_Stored items_

──────────

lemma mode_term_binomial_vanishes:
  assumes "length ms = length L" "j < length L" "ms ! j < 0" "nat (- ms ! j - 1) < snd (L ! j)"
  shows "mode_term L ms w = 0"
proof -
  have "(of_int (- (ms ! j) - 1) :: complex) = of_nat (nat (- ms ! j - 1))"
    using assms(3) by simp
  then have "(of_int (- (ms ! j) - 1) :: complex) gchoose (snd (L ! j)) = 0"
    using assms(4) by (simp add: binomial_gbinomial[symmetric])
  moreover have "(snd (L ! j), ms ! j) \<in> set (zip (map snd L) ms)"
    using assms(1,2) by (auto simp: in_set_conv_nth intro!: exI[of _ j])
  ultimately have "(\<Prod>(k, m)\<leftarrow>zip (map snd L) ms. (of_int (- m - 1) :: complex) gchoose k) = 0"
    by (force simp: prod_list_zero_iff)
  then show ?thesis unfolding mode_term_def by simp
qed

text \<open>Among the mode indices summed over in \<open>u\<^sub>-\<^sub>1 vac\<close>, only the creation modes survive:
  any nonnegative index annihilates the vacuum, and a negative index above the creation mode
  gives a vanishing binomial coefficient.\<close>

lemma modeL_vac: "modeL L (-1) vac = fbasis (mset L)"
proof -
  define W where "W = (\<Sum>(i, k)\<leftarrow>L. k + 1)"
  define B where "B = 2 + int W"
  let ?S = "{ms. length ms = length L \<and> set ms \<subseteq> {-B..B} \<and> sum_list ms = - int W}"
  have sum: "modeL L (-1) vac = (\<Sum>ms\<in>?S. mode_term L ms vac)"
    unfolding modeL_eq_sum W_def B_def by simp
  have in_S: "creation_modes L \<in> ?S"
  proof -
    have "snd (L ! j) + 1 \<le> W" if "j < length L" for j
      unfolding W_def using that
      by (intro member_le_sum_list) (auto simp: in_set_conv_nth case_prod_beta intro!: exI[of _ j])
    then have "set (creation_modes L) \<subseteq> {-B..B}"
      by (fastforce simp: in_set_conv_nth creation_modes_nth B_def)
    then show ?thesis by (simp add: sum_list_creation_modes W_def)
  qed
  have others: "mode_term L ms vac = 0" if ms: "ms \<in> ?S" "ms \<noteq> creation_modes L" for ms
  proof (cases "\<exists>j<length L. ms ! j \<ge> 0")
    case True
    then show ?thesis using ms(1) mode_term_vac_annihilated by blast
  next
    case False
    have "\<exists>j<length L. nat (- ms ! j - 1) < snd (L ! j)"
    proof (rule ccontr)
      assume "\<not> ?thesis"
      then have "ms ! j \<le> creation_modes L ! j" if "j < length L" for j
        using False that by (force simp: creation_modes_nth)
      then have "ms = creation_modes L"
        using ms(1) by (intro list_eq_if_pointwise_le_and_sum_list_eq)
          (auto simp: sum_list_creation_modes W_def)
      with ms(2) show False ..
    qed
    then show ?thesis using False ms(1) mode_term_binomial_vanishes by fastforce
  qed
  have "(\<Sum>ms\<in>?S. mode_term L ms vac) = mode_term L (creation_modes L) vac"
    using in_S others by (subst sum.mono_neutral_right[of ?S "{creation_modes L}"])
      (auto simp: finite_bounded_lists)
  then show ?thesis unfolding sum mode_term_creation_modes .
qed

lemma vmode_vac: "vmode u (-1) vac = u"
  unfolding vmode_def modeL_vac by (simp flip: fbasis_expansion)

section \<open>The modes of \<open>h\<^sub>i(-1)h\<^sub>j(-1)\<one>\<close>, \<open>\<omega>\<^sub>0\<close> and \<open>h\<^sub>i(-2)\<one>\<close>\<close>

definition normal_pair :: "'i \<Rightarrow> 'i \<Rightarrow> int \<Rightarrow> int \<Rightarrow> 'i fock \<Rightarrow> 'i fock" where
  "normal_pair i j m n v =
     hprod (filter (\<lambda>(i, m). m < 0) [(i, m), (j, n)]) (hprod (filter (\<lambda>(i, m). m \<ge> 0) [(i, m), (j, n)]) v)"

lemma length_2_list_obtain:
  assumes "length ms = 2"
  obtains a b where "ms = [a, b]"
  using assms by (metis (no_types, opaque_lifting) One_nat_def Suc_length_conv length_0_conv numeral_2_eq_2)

──────────

Where the string "leftarrow" appears in a line of the entries above, return that line.

  ultimately have "(\<Prod>(k, m)\<leftarrow>zip (map snd L) ms. (of_int (- m - 1) :: complex) gchoose k) = 0"
  define W where "W = (\<Sum>(i, k)\<leftarrow>L. k + 1)"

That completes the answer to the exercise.